WHAT YOU WILL DO
Search the listing for "indicator" and copy every line where it appears.

INPUT DATA

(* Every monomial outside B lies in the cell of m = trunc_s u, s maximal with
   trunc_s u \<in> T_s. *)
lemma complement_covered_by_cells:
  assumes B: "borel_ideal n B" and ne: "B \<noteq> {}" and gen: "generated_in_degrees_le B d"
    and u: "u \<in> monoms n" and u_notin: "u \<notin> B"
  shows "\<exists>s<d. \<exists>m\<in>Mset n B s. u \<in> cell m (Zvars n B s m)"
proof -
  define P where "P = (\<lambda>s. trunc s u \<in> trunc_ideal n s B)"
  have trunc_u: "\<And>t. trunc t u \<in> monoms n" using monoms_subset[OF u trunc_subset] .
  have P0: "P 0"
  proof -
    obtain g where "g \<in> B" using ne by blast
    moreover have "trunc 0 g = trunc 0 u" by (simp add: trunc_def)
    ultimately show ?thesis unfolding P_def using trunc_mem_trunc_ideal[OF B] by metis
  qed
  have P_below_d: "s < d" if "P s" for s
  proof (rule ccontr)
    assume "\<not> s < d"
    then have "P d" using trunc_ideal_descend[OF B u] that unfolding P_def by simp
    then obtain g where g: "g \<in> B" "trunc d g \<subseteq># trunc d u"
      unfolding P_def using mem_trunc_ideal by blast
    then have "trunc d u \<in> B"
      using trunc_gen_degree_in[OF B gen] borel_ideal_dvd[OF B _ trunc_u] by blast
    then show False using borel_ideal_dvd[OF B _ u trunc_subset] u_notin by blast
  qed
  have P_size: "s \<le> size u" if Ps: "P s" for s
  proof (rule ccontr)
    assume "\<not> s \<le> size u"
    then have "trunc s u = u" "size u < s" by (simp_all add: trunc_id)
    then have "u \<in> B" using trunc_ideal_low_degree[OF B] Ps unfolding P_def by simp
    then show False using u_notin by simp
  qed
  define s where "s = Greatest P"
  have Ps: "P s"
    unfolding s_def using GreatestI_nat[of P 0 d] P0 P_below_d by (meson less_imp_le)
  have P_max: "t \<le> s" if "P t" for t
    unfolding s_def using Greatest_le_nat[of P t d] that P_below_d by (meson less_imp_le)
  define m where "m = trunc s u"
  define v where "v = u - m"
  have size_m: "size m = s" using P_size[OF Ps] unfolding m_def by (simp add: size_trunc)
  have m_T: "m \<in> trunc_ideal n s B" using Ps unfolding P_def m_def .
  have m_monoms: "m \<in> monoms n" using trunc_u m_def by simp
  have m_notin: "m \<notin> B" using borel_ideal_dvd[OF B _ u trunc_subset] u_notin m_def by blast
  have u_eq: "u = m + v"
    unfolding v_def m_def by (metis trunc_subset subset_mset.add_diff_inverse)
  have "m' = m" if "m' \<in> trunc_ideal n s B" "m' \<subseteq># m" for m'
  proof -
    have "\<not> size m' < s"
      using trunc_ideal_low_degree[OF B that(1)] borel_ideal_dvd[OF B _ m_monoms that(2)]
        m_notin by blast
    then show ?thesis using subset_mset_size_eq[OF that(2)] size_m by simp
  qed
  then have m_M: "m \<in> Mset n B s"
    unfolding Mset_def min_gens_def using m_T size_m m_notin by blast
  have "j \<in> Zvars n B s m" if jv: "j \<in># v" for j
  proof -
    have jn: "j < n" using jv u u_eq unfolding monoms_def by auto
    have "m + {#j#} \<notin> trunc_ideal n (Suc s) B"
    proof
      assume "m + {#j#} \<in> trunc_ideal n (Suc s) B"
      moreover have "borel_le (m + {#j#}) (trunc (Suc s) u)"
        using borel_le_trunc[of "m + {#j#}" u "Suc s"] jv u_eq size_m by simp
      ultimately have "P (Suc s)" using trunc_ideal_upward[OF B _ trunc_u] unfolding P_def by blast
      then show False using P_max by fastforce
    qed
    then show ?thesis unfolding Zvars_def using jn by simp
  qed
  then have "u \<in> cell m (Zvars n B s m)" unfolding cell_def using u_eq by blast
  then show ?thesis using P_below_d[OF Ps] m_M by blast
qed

---

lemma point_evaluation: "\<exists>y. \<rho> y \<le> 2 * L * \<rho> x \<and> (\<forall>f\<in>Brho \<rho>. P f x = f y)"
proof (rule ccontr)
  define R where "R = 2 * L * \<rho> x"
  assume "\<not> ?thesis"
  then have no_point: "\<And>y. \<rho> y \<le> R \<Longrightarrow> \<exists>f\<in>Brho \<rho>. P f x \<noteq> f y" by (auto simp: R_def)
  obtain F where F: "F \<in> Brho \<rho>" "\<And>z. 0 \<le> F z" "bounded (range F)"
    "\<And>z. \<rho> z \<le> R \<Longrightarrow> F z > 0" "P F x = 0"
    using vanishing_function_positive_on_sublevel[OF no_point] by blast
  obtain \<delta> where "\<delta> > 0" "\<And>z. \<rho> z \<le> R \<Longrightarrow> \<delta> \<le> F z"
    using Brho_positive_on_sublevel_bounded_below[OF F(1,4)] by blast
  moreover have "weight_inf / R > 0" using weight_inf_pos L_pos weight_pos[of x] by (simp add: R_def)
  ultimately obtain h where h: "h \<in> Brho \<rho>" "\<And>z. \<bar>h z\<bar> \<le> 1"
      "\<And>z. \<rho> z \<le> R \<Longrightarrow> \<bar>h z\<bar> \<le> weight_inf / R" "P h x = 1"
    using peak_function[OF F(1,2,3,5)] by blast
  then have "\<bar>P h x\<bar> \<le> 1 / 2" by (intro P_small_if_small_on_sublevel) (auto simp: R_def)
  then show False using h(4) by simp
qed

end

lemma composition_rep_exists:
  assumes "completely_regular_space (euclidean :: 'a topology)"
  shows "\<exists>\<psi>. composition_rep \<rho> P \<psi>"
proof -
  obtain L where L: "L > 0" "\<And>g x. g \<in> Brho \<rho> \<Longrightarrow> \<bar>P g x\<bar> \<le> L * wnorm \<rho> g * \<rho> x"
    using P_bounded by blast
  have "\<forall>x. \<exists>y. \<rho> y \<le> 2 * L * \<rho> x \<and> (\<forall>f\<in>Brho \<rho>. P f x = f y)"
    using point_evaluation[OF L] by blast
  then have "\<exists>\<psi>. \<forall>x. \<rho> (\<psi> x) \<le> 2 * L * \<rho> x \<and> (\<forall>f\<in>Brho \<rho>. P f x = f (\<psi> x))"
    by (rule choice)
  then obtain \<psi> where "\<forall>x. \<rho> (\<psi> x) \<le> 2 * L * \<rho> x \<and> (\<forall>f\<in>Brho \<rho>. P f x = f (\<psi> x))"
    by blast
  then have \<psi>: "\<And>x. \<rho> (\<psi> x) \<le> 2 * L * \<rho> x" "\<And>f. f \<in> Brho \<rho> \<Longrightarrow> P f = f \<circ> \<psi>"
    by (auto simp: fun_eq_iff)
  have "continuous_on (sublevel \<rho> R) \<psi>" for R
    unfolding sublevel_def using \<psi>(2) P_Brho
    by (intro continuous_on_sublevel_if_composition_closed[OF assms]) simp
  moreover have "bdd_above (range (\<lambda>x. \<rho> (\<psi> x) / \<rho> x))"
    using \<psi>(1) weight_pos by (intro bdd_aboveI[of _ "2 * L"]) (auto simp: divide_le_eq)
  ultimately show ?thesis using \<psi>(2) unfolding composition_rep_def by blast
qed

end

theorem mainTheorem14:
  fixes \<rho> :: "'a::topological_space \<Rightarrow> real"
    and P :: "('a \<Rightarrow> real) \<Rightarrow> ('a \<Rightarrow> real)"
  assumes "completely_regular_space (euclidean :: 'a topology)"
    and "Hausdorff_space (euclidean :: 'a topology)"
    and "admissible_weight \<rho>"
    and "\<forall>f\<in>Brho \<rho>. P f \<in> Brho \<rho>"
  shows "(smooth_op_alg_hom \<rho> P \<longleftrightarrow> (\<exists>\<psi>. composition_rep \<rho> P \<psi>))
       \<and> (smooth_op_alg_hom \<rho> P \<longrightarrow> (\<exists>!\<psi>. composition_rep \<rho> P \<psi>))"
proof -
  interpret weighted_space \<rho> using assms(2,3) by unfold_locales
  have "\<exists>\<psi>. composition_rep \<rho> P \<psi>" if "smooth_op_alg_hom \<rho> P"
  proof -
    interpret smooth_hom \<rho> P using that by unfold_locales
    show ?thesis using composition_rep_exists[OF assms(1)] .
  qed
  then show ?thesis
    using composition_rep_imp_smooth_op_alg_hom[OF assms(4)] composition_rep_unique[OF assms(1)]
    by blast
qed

* * *

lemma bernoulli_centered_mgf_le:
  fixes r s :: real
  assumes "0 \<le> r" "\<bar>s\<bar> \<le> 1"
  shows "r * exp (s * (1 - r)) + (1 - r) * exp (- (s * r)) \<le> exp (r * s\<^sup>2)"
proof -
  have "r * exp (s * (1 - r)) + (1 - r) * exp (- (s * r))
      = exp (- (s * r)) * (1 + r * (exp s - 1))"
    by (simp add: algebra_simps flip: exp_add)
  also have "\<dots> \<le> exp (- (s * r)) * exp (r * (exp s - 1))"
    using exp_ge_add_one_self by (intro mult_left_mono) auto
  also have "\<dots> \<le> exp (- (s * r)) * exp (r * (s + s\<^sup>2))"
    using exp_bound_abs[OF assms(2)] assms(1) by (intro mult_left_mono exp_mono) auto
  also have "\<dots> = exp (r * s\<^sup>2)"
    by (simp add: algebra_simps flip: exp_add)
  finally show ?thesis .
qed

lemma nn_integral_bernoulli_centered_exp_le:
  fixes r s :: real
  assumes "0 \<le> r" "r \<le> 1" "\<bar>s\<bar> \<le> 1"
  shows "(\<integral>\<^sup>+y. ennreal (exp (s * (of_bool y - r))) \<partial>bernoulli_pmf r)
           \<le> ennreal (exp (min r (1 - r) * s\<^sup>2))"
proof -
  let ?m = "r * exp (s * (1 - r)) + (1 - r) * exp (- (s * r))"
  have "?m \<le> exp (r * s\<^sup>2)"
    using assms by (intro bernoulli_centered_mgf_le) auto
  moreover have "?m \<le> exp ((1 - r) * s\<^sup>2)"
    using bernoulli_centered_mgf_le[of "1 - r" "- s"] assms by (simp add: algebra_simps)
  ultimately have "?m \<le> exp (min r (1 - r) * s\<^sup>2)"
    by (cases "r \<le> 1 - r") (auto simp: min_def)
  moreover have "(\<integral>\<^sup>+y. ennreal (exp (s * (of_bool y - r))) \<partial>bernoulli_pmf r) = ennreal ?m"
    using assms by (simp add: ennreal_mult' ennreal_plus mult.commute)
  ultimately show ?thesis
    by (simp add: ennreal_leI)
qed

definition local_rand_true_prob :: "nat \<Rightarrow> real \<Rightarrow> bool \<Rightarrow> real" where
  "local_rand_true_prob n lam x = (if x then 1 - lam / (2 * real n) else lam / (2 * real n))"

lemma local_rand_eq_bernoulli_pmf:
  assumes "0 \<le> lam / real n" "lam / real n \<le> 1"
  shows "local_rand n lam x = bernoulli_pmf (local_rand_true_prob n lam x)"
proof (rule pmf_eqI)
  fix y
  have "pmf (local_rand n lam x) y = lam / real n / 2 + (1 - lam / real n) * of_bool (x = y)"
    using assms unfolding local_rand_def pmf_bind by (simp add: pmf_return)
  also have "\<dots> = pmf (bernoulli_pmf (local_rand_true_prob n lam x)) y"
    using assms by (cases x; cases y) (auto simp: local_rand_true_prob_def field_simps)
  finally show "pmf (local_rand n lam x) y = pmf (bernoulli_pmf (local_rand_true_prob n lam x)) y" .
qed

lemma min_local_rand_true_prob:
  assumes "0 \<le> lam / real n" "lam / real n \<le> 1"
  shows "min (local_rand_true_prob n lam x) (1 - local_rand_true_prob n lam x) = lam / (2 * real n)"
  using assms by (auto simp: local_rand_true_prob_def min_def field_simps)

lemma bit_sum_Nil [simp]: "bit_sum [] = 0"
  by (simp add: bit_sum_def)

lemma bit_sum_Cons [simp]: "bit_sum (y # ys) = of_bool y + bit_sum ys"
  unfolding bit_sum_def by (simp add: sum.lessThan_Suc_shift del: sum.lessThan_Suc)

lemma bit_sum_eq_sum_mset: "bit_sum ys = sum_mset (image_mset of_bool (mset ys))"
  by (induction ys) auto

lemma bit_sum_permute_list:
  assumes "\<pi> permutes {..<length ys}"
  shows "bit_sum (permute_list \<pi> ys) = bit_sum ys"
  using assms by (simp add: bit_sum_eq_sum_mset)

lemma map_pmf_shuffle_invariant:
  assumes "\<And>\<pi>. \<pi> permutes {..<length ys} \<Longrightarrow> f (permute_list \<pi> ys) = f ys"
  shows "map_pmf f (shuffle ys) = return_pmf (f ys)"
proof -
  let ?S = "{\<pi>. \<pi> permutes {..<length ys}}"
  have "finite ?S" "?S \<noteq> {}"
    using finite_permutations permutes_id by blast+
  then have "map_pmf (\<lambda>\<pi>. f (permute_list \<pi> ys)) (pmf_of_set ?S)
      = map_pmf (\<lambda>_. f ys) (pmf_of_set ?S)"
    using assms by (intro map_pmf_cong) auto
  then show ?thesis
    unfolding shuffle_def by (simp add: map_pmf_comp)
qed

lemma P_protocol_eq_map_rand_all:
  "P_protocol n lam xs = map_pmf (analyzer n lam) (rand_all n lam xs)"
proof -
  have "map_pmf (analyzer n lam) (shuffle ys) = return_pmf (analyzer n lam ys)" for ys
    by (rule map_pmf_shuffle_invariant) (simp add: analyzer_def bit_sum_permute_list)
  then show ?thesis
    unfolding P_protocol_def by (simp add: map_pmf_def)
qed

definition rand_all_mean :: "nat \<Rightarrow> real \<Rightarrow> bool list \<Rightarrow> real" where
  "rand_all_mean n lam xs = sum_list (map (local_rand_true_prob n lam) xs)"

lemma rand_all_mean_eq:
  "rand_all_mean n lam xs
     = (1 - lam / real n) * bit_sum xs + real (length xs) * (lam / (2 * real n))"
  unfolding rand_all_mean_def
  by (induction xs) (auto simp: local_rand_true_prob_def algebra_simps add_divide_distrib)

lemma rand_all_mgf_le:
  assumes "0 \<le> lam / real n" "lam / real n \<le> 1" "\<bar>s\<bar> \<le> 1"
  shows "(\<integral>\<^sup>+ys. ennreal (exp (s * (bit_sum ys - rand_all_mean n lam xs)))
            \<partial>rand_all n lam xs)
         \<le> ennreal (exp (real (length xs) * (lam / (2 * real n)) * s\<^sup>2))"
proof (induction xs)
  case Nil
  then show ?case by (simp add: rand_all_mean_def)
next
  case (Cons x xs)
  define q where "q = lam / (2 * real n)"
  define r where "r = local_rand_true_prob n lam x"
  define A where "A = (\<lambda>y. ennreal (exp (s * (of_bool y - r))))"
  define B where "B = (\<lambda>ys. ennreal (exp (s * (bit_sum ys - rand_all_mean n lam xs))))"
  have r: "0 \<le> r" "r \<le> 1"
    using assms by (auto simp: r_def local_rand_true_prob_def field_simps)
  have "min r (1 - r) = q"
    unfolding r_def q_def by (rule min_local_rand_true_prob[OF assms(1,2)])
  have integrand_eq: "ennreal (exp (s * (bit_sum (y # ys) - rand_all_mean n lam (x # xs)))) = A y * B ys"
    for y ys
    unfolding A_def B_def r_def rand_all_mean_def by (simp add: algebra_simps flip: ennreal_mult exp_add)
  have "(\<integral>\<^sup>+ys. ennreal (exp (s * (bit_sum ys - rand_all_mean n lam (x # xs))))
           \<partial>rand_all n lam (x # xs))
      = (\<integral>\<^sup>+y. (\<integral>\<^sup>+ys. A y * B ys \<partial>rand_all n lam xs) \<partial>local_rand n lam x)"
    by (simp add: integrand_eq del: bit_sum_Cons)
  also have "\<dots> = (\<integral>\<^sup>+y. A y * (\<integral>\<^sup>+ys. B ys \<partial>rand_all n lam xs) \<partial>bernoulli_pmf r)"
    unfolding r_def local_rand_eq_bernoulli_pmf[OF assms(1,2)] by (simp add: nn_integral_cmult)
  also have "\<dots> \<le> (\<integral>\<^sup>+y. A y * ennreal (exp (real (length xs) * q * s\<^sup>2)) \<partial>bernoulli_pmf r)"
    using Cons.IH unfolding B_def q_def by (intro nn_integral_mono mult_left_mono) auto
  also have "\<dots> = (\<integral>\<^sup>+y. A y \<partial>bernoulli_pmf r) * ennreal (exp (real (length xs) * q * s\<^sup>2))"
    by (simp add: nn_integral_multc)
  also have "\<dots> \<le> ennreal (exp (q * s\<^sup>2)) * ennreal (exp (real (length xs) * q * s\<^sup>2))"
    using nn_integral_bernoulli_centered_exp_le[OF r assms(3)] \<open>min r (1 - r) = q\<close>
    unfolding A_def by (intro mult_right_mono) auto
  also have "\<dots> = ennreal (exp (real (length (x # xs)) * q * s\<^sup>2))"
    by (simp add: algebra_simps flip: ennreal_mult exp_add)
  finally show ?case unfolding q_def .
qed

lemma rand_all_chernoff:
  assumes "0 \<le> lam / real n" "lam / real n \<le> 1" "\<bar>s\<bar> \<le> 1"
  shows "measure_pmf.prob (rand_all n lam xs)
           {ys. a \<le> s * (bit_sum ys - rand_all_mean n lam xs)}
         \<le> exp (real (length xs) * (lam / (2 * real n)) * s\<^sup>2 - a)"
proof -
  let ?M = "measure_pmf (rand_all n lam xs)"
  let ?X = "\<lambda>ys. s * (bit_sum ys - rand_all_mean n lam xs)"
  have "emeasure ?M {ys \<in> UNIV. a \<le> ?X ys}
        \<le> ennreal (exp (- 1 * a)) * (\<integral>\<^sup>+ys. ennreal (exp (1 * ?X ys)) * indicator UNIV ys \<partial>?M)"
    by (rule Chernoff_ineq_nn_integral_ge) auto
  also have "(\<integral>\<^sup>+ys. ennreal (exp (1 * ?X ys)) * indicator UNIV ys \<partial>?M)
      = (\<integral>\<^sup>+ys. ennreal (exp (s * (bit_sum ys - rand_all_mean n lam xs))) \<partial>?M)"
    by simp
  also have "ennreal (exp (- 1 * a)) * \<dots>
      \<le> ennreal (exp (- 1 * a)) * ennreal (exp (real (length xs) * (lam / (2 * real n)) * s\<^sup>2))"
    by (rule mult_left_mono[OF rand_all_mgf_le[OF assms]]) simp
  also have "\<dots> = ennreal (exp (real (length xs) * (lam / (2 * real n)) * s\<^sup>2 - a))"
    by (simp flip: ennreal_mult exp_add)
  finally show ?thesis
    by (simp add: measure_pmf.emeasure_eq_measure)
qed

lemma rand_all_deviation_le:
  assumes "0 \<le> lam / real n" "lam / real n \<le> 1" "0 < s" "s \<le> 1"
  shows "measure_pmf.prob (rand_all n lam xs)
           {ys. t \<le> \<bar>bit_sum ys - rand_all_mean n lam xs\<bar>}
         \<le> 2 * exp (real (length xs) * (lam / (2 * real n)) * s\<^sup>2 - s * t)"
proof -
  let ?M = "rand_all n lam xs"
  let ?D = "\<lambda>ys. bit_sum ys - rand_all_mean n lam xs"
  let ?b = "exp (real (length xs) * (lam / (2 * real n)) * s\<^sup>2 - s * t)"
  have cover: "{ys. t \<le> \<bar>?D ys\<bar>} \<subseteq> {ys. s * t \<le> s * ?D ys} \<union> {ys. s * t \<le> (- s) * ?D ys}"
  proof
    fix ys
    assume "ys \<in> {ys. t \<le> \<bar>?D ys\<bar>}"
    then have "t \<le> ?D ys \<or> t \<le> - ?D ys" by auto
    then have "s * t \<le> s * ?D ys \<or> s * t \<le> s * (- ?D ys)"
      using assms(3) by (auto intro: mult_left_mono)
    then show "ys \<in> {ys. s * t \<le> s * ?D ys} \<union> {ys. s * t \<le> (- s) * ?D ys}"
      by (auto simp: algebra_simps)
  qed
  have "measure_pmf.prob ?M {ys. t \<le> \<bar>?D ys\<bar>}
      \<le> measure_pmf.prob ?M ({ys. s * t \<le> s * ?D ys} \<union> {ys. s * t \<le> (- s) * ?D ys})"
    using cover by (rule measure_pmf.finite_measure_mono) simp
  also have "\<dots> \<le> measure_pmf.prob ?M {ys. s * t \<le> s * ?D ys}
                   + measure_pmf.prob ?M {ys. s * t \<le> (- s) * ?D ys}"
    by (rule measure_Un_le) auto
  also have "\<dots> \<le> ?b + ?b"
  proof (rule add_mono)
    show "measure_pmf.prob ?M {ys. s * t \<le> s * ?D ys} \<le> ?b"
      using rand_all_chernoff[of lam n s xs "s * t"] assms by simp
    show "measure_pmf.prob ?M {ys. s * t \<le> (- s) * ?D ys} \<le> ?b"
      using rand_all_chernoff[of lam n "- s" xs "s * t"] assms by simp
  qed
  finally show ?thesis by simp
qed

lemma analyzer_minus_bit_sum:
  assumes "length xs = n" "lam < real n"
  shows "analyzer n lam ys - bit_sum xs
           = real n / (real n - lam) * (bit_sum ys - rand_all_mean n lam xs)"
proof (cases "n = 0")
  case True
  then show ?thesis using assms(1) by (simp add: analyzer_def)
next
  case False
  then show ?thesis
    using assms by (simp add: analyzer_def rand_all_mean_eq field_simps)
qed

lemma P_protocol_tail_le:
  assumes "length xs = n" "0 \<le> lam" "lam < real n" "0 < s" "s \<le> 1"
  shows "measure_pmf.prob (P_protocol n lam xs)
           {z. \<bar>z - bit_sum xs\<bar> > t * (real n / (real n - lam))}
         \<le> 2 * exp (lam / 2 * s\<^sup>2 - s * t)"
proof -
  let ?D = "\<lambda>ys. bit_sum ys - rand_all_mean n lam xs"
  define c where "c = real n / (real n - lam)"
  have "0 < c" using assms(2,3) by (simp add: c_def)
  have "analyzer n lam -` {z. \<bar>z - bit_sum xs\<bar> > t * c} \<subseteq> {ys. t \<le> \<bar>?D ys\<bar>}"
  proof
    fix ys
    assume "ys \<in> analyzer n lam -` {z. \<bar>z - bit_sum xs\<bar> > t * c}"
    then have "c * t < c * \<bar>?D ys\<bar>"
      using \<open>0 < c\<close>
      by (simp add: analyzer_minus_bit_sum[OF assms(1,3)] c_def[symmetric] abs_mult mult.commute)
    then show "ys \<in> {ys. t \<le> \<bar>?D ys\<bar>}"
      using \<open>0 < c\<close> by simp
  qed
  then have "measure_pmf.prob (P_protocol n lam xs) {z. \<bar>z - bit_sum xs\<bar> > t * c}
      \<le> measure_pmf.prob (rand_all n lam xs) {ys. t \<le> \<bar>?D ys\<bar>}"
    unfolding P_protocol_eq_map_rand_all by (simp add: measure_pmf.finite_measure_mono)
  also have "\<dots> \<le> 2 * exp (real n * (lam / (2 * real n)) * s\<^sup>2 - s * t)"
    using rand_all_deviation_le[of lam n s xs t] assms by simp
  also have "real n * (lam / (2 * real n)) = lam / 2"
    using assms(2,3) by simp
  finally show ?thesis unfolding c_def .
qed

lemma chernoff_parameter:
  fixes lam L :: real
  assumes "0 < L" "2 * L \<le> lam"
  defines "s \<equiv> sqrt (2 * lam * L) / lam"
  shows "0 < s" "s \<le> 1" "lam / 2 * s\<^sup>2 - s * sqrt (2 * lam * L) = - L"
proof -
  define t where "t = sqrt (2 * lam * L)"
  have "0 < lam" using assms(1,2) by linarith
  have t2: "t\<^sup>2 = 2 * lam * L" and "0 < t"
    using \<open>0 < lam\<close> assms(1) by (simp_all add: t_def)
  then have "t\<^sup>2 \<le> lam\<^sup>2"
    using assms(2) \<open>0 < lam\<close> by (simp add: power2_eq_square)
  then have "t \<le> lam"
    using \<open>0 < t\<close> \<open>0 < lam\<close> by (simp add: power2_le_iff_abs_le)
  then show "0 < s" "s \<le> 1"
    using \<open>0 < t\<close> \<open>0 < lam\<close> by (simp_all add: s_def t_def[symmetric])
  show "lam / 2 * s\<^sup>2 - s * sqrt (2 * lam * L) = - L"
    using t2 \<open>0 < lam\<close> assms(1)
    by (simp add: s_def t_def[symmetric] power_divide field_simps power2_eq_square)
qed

WRITTEN RESPONSE
        \<le> ennreal (exp (- 1 * a)) * (\<integral>\<^sup>+ys. ennreal (exp (1 * ?X ys)) * indicator UNIV ys \<partial>?M)"
  also have "(\<integral>\<^sup>+ys. ennreal (exp (1 * ?X ys)) * indicator UNIV ys \<partial>?M)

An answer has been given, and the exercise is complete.